Eating a Vegan Diet Improves Heart Health

Switching to a vegan diet may improve heart health in just eight weeks, according to a twin study by Stanford University researchers.

Only 1% of Americans report being vegan, despite research showing the health benefits of plant-based diets. The latest study, published in the JAMA Network, suggests that a vegan diet can effectively reduce "bad cholesterol" and insulin levels and lead to weight loss.

The trial included 22 pairs of identical twins — a total of 44 adults — without cardiovascular disease. One twin from each pair was matched with either a vegan or omnivore diet.

The vegan diet was entirely plant-based and did not include meat or other animal products, such as eggs or milk. The participants on the omnivore diet consumed chicken, fish, eggs, dairy products, and other animal-sourced foods.

Overall, both diets were healthy, as they were rich in vegetables, legumes, fruits, and whole grains and free of sugars and refined starches.

During the first four weeks, the participants were delivered three meals a day. For the remaining four weeks, they prepared their own meals.

All but one participant on a vegan diet completed the study, suggesting that a healthy diet is accessible to everyone and it is possible to learn how to prepare healthy meals in four weeks.

Lower levels of 'bad cholesterol'

Researchers weighed the participants and drew their blood at the beginning of the trial, at four weeks, and at eight weeks to measure their low-density lipoprotein cholesterol (LDL-C or "bad cholesterol") and insulin levels.

The improvements were most significant within the first four weeks after the diet change and more pronounced among those on a vegan diet.

The participants eating a vegan diet had significantly lower LDL-C cholesterol levels: it decreased from an average of 110.7 mg/dL at the beginning of the study to 95.5 after eight weeks. Among omnivores, the levels of LDL-C cholesterol dropped from 118.5 mg/dL to 116.1 mg/dL.

The optimal healthy LDL-C level is less than 100. High bad cholesterol is associated with an increased risk of narrowing of the arteries, heart attack, and stroke.
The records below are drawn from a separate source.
(* In the model described in the context, if $\tau \leq 2f$, then it is impossible to implement an a-audit operation satisfying completeness.
   Context: Model. An asynchronous system has an arbitrary number of client processes (writers, readers, auditors) and $n$ storage objects $o_1,\dots,o_n$. Each $o_k$ is a linearisable loggable read/write register holding a block from a domain $\mathbb{B}$ and a log $L_k$ (initially empty). Its operations are: rw-write($b$), which stores $b$ and returns an ack; rw-read(), which returns the currently stored block (or $\perp\notin\mathbb{B}$ if none) and appends to $L_k$ the record $\langle p_r, \mathit{label}(b)\rangle$, where $p_r$ is the invoking reader and $\mathit{label}(b)$ identifies the value from which block $b$ was derived; and rw-getLog(), which returns $L_k$. On top of these objects, a multi-writer multi-reader register over a value domain $\mathbb{V}$ is emulated by information dispersal. An a-write($v$) encodes $v$ into $n$ blocks $b_{v_1},\dots,b_{v_n}$ and sends $b_{v_k}$ to $o_k$. A reader can recover $v$ from any $\tau$ distinct blocks of $v$, and cannot recover it from fewer; $\tau>f$. Reads (a-read) are fast, i.e. they complete in a single communication round-trip between the reader and the objects. Concurrency between operations is unlimited, and writes may remain incomplete. Faults. Writers and auditors are honest and can only crash. Faulty readers may crash or send read requests to only a subset of the objects. At most $f$ storage objects are faulty. A faulty object may crash, omit its block from readers, omit records from its log when queried by auditors, and report records of read operations that never occurred. Providing set: in a history $\sigma$, $P_{p_r,v}$ is the set of objects $o_k$ such that $\sigma$ contains both an event in which $o_k$ receives a write request to store $b_{v_k}$ and an event in which $o_k$ responds $b_{v_k}$ to a read request from $p_r$. A value $v$ is effectively read by $p_r$ in $\sigma$ iff $|P_{p_r,v}|\ge\tau$. Audit. An a-audit operation obtains logs via rw-getLog. To be available it relies only on an auditing quorum $A$ of $n-f$ objects. It returns a set $E_A$ of evidences. An evidence $\mathcal{E}_{p_r,v}$ (reporting that $p_r$ effectively read $v$) is created from at least $t\ge 1$ records $\langle p_r,\mathit{label}(v)\rangle$ coming from distinct objects; $t$ is a threshold parameter. Completeness: for every reader $p_r$ and every value $v$, if $v$ was effectively read by $p_r$ ($|P_{p_r,v}|\ge\tau$) before the a-audit is invoked, then $\mathcal{E}_{p_r,v}\in E_A$. *)

theory Defs
  imports Main
begin

(* Storage objects are o_0, ..., o_{n-1} (indices k < n).
   Readers have type 'r, values of the emulated register have type 'v;
   label(b_{v_k}) is identified with the value v itself.
   A log record <p_r, label(v)> is represented as the pair (p_r, v).

   A history sigma (up to the invocation of the a-audit) is abstracted by:
     Fa  : the set of faulty storage objects
     W   : (k, v) in W  iff o_k received a write request to store b_{v_k}
     R   : (k, p, v) in R iff o_k responded b_{v_k} to a read request from p
     Lg  : Lg k is the log that object o_k reports to the auditor via rw-getLog *)

definition providing :: "(nat \<times> 'v) set \<Rightarrow> (nat \<times> 'r \<times> 'v) set \<Rightarrow> 'r \<Rightarrow> 'v \<Rightarrow> nat set" where
  "providing W R p v = {k. (k, v) \<in> W \<and> (k, p, v) \<in> R}"

definition effectively_read :: "nat \<Rightarrow> (nat \<times> 'v) set \<Rightarrow> (nat \<times> 'r \<times> 'v) set \<Rightarrow> 'r \<Rightarrow> 'v \<Rightarrow> bool" where
  "effectively_read \<tau> W R p v \<longleftrightarrow> card (providing W R p v) \<ge> \<tau>"

(* Admissible history: at most f faulty objects; correct objects only return
   blocks they were written and report exactly the records of the reads they
   served; faulty objects may report arbitrary logs (omissions / forged records). *)
definition admissible ::
  "nat \<Rightarrow> nat \<Rightarrow> nat set \<Rightarrow> (nat \<times> 'v) set \<Rightarrow> (nat \<times> 'r \<times> 'v) set \<Rightarrow> (nat \<Rightarrow> ('r \<times> 'v) set) \<Rightarrow> bool" where
  "admissible n f Fa W R Lg \<longleftrightarrow>
     Fa \<subseteq> {..<n} \<and> card Fa \<le> f \<and>
     (\<forall>k v. (k, v) \<in> W \<longrightarrow> k < n) \<and>
     (\<forall>k p v. (k, p, v) \<in> R \<longrightarrow> k < n) \<and>
     (\<forall>k p v. k \<notin> Fa \<and> (k, p, v) \<in> R \<longrightarrow> (k, v) \<in> W) \<and>
     (\<forall>k < n. k \<notin> Fa \<longrightarrow> Lg k = {(p, v). (k, p, v) \<in> R})"

(* An a-audit algorithm: given the auditing quorum A and the logs reported by the
   objects, it returns the set E_A of evidences (pairs (p_r, v) standing for E_{p_r,v}). *)
definition audit_alg :: "nat \<Rightarrow> (nat set \<Rightarrow> (nat \<Rightarrow> ('r \<times> 'v) set) \<Rightarrow> ('r \<times> 'v) set) \<Rightarrow> bool" where
  "audit_alg t aud \<longleftrightarrow>
     (\<forall>A L L'. (\<forall>k\<in>A. L k = L' k) \<longrightarrow> aud A L = aud A L') \<and>
     (\<forall>A L p v. (p, v) \<in> aud A L \<longrightarrow> t \<le> card {k \<in> A. (p, v) \<in> L k})"

definition audit_complete ::
  "nat \<Rightarrow> nat \<Rightarrow> nat \<Rightarrow> (nat set \<Rightarrow> (nat \<Rightarrow> ('r \<times> 'v) set) \<Rightarrow> ('r \<times> 'v) set) \<Rightarrow> bool" where
  "audit_complete n f \<tau> aud \<longleftrightarrow>
     (\<forall>Fa W R Lg A. admissible n f Fa W R Lg \<and> A \<subseteq> {..<n} \<and> card A = n - f \<longrightarrow>
        (\<forall>p v. effectively_read \<tau> W R p v \<longrightarrow> (p, v) \<in> aud A Lg))"

end

theory Submission
  imports Defs
begin

text \<open>Let a reader obtain a value from the first \<open>\<tau>\<close> objects, so that it is
  effectively read. Of these, declare all but the first \<open>f\<close> faulty (that is
  \<open>\<tau> - f \<le> f\<close> objects) and let them omit the read from their logs. The
  auditing quorum of the last \<open>n - f\<close> objects then misses the only \<open>f\<close> correct
  holders of a record, so it sees none, whereas an evidence needs \<open>t \<ge> 1\<close> records.\<close>

lemma providing_single_read:
  "providing (S \<times> {v}) ((\<lambda>k. (k, p, v)) ` S) p v = S"
  unfolding providing_def by auto

lemma admissible_single_read_with_omissions:
  assumes "S \<subseteq> {..<n}" and "Fa \<subseteq> {..<n}" and "card Fa \<le> f"
  shows "admissible n f Fa (S \<times> {v}) ((\<lambda>k. (k, p, v)) ` S)
           (\<lambda>k. if k \<in> S - Fa then {(p, v)} else {})"
  using assms unfolding admissible_def by auto

lemma audit_alg_evidence_has_record:
  assumes "audit_alg t aud" and "1 \<le> t" and "(p, v) \<in> aud A L"
  shows "\<exists>k\<in>A. (p, v) \<in> L k"
proof -
  have "1 \<le> card {k \<in> A. (p, v) \<in> L k}"
    using assms unfolding audit_alg_def by (meson order_trans)
  then have "{k \<in> A. (p, v) \<in> L k} \<noteq> {}" by (metis card.empty not_one_le_zero)
  then show ?thesis by blast
qed

theorem lemma2:
  fixes n f \<tau> t :: nat
  assumes "1 \<le> t" and "f < \<tau>" and "\<tau> \<le> n" and "\<tau> \<le> 2 * f"
  shows "\<not> (\<exists>aud :: nat set \<Rightarrow> (nat \<Rightarrow> ('r \<times> 'v) set) \<Rightarrow> ('r \<times> 'v) set.
             audit_alg t aud \<and> audit_complete n f \<tau> aud)"
proof
  assume "\<exists>aud :: nat set \<Rightarrow> (nat \<Rightarrow> ('r \<times> 'v) set) \<Rightarrow> ('r \<times> 'v) set.
             audit_alg t aud \<and> audit_complete n f \<tau> aud"
  then obtain aud :: "nat set \<Rightarrow> (nat \<Rightarrow> ('r \<times> 'v) set) \<Rightarrow> ('r \<times> 'v) set"
    where alg: "audit_alg t aud" and complete: "audit_complete n f \<tau> aud" by blast
  fix p :: 'r and v :: 'v
  define S where "S = {..<\<tau>}"
  define Fa where "Fa = {f..<\<tau>}"
  define L where "L = (\<lambda>k. if k \<in> S - Fa then {(p, v)} else ({} :: ('r \<times> 'v) set))"
  have adm: "admissible n f Fa (S \<times> {v}) ((\<lambda>k. (k, p, v)) ` S) L"
    unfolding L_def
    by (rule admissible_single_read_with_omissions) (use assms in \<open>auto simp: S_def Fa_def\<close>)
  have read: "effectively_read \<tau> (S \<times> {v}) ((\<lambda>k. (k, p, v)) ` S) p v"
    unfolding effectively_read_def providing_single_read S_def by simp
  have quorum: "{f..<n} \<subseteq> {..<n}" "card {f..<n} = n - f" by auto
  have "(p, v) \<in> aud {f..<n} L"
    using complete adm quorum read unfolding audit_complete_def by blast
  then obtain k where "k \<in> {f..<n}" and "(p, v) \<in> L k"
    using audit_alg_evidence_has_record[OF alg assms(1)] by blast
  then show False by (auto simp: L_def S_def Fa_def split: if_splits)
qed

end
(* Let $G$ be a commutative group, $g\in\mathrm{Aut}(G)$ with $g\ne\mathrm{id}$, and $t\in G$. Let $f$ be the bijection of $G$ given by $f(x)=g(x)t$. Then $Z(G(f))=Z(G(g))$ as sets, and $Z(G(g))=\{x\in G:\ g(x)=x\}$.
   Context: The center $Z(Q)$ of a loop $Q$ is the set of elements that commute with all elements and lie in the left, middle and right nuclei (i.e., associate in every position). Construction $G(f)$: for a commutative group $G$ (written multiplicatively) and a bijection $f:G\to G$, let $\overline{G}=\{\overline{x}:x\in G\}$ be a disjoint copy of $G$, and let $G(f)$ be $G\cup\overline{G}$ with multiplication $x*y=xy$, $x*\overline{y}=\overline{xy}$, $\overline{x}*y=\overline{xy}$, $\overline{x}*\overline{y}=f(xy)$ for $x,y\in G$. *)

theory Defs
  imports Main
begin

text \<open>The commutative group G is a type of class ab_group_add; the group operation
 (written multiplicatively in the paper) is written additively as +.
 Elements of G(f) are pairs (x, b): (x, False) stands for x and (x, True) for overline x.\<close>

definition Gf_mult :: "('a::ab_group_add \<Rightarrow> 'a) \<Rightarrow> 'a \<times> bool \<Rightarrow> 'a \<times> bool \<Rightarrow> 'a \<times> bool" where
  "Gf_mult f p q =
     (case p of (x, bx) \<Rightarrow> case q of (y, by) \<Rightarrow>
        if bx \<and> by then (f (x + y), False) else (x + y, bx \<noteq> by))"

definition magma_center :: "('q \<Rightarrow> 'q \<Rightarrow> 'q) \<Rightarrow> 'q set" where
  "magma_center m = {a. \<forall>x y.
      m a x = m x a \<and>
      m (m a x) y = m a (m x y) \<and>
      m (m x a) y = m x (m a y) \<and>
      m (m x y) a = m x (m y a)}"

definition is_aut :: "('a::ab_group_add \<Rightarrow> 'a) \<Rightarrow> bool" where
  "is_aut g \<longleftrightarrow> bij g \<and> (\<forall>x y. g (x + y) = g x + g y)"

end

theory Submission
  imports Defs
begin

(* For an arbitrary map h on the commutative group G, call a plain element x
   equivariant if h (x + s) = x + h s for all s.  Multiplication by such an x is the
   shift (y, b) \<mapsto> (x + y, b), and this shift commutes with both arguments of the
   multiplication of G(h); hence every equivariant plain x is central.  Conversely, one
   associativity instance, (a * 0bar) * sbar = a * (0bar * sbar), forces a central
   element a to be plain and equivariant, unless h is a translation v \<mapsto> v + c.
   So for every h that is not a translation the center of G(h) consists of the
   equivariant plain elements (center_Gf_mult).
   For h = g + d with g an automorphism, h is a translation only if g = id, and x is
   equivariant exactly when g x = x.  Applying this with d = t (giving f) and with d = 0
   (giving g itself) yields both claims of lemma3p1. *)

definition equivariant :: "('a::ab_group_add \<Rightarrow> 'a) \<Rightarrow> 'a \<Rightarrow> bool" where
  "equivariant h x \<longleftrightarrow> (\<forall>s. h (x + s) = x + h s)"

text \<open>Maps of the form v \<mapsto> v + c; exactly for these the center characterization fails.\<close>
definition translation :: "('a::ab_group_add \<Rightarrow> 'a) \<Rightarrow> bool" where
  "translation h \<longleftrightarrow> (\<exists>c. \<forall>v. h v = v + c)"

definition shift :: "'a::ab_group_add \<Rightarrow> 'a \<times> bool \<Rightarrow> 'a \<times> bool" where
  "shift x q = (x + fst q, snd q)"

lemma Gf_mult_plain_left: "Gf_mult h (x, False) q = shift x q"
  by (cases q) (simp add: Gf_mult_def shift_def)

lemma Gf_mult_plain_right: "Gf_mult h q (x, False) = shift x q"
  by (cases q) (simp add: Gf_mult_def shift_def add.commute)

lemma Gf_mult_shift_left:
  assumes "equivariant h x"
  shows "Gf_mult h (shift x p) q = shift x (Gf_mult h p q)"
  using assms by (cases p, cases q) (simp add: Gf_mult_def shift_def equivariant_def add.assoc)

lemma Gf_mult_shift_right:
  assumes "equivariant h x"
  shows "Gf_mult h p (shift x q) = shift x (Gf_mult h p q)"
proof -
  have "h (y + (x + z)) = x + h (y + z)" for y z
    using assms by (simp add: equivariant_def add.left_commute[of y x z])
  then show ?thesis by (cases p, cases q) (simp add: Gf_mult_def shift_def add.left_commute)
qed

lemma equivariant_in_center:
  assumes "equivariant h x"
  shows "(x, False) \<in> magma_center (Gf_mult h)"
  unfolding magma_center_def
  by (simp add: Gf_mult_plain_left Gf_mult_plain_right
      Gf_mult_shift_left[OF assms] Gf_mult_shift_right[OF assms])

text \<open>Necessity: the instance (a * 0bar) * sbar = a * (0bar * sbar) of left-nucleus
  membership shows that a central (x, b) with b = True makes h a translation, and with
  b = False makes x equivariant.\<close>
lemma center_plain_equivariant:
  assumes "(x, b) \<in> magma_center (Gf_mult h)" and "\<not> translation h"
  shows "\<not> b \<and> equivariant h x"
proof -
  have assoc: "\<And>s. Gf_mult h (Gf_mult h (x, b) (0, True)) (s, True)
                  = Gf_mult h (x, b) (Gf_mult h (0, True) (s, True))"
    using assms(1) unfolding magma_center_def by blast
  show ?thesis
  proof (cases b)
    case True
    have "\<forall>v. h v = v + (h x - x)"
    proof
      fix v
      have "h x + v = x + h v" using assoc[of v] True by (simp add: Gf_mult_def)
      then show "h v = v + (h x - x)" by (simp add: algebra_simps)
    qed
    with assms(2) show ?thesis unfolding translation_def by blast
  next
    case False
    then show ?thesis using assoc by (simp add: Gf_mult_def equivariant_def)
  qed
qed

lemma center_Gf_mult:
  assumes "\<not> translation h"
  shows "magma_center (Gf_mult h) = {(x, False) | x. equivariant h x}"
proof (intro equalityI subsetI)
  fix a assume "a \<in> magma_center (Gf_mult h)"
  then show "a \<in> {(x, False) | x. equivariant h x}"
    using center_plain_equivariant[OF _ assms] by (cases a) blast
qed (auto intro: equivariant_in_center)

lemma affine_not_translation:
  assumes "is_aut g" and "g \<noteq> id"
  shows "\<not> translation (\<lambda>v. g v + d)"
proof
  assume "translation (\<lambda>v. g v + d)"
  then obtain c where c: "\<And>v. g v + d = v + c" unfolding translation_def by blast
  have "g 0 = 0" using assms(1) unfolding is_aut_def by (metis add_cancel_right_right)
  then have "c = d" using c[of 0] by simp
  then have "g = id" using c by (auto simp: fun_eq_iff)
  with assms(2) show False by simp
qed

lemma affine_equivariant_iff:
  assumes "is_aut g"
  shows "equivariant (\<lambda>v. g v + d) x \<longleftrightarrow> g x = x"
  using assms by (simp add: equivariant_def is_aut_def algebra_simps)

lemma center_affine:
  assumes "is_aut g" and "g \<noteq> id"
  shows "magma_center (Gf_mult (\<lambda>v. g v + d)) = {(x, False) | x. g x = x}"
  using center_Gf_mult[OF affine_not_translation[OF assms]] affine_equivariant_iff[OF assms(1)]
  by simp

theorem lemma3p1:
  fixes g :: "'a::ab_group_add \<Rightarrow> 'a" and t :: 'a and f :: "'a \<Rightarrow> 'a"
  assumes "is_aut g" and "g \<noteq> id" and "f = (\<lambda>x. g x + t)"
  shows "magma_center (Gf_mult f) = magma_center (Gf_mult g) \<and>
         magma_center (Gf_mult g) = {(x, False) | x. g x = x}"
proof -
  have center_f: "magma_center (Gf_mult f) = {(x, False) | x. g x = x}"
    using center_affine[OF assms(1,2), of t] assms(3) by simp
  have center_g: "magma_center (Gf_mult g) = {(x, False) | x. g x = x}"
    using center_affine[OF assms(1,2), of 0] by simp
  show ?thesis using center_f center_g by simp
qed

end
The vegan participants also saw approximately a 20% drop in fasting insulin — a higher insulin level is a risk factor for developing diabetes. They also lost an average of 4.2 more pounds than the omnivores.

"A vegan diet can confer additional benefits such as increased gut bacteria and the reduction of telomere loss, which slows aging in the body," Christopher Gardner, a professor at the Stanford Prevention Research Center, said in a statement.

Most importantly, both vegans and omnivores in the study reduced the intake of saturated fats, increased dietary fiber, and lost weight, all of which are crucial for heart health.

Concerns over vitamin B12 intake

Despite improvements in body weight, cholesterol, and insulin levels, the vegan participants reported lower dietary satisfaction and had a lower protein intake. Protein is crucial to building and repairing muscles and bones and plays a role in making hormones and enzymes.

Moreover, the vegans in the trial had a lower intake of vitamin B12, an essential nutrient not found in plants. Vegans and vegetarians are more likely to experience vitamin B12 deficiency, which may lead to anemia and nervous system damage.

The symptoms of B12 deficiency may include depression, memory impairment, tiredness, and muscle weakness.

Vegans and vegetarians may receive vitamin B12 from foods fortified with it, such as plant milks, soy products, and supplements.

Because the study population was small and generally healthy, the findings may not be generalized to other populations. It is also difficult to tell how sustainable these diets are in the long term because there was no follow-up after the eight-week period.

Although a vegan diet may not be for everyone, the health benefits of consuming more plant-based foods are well-established.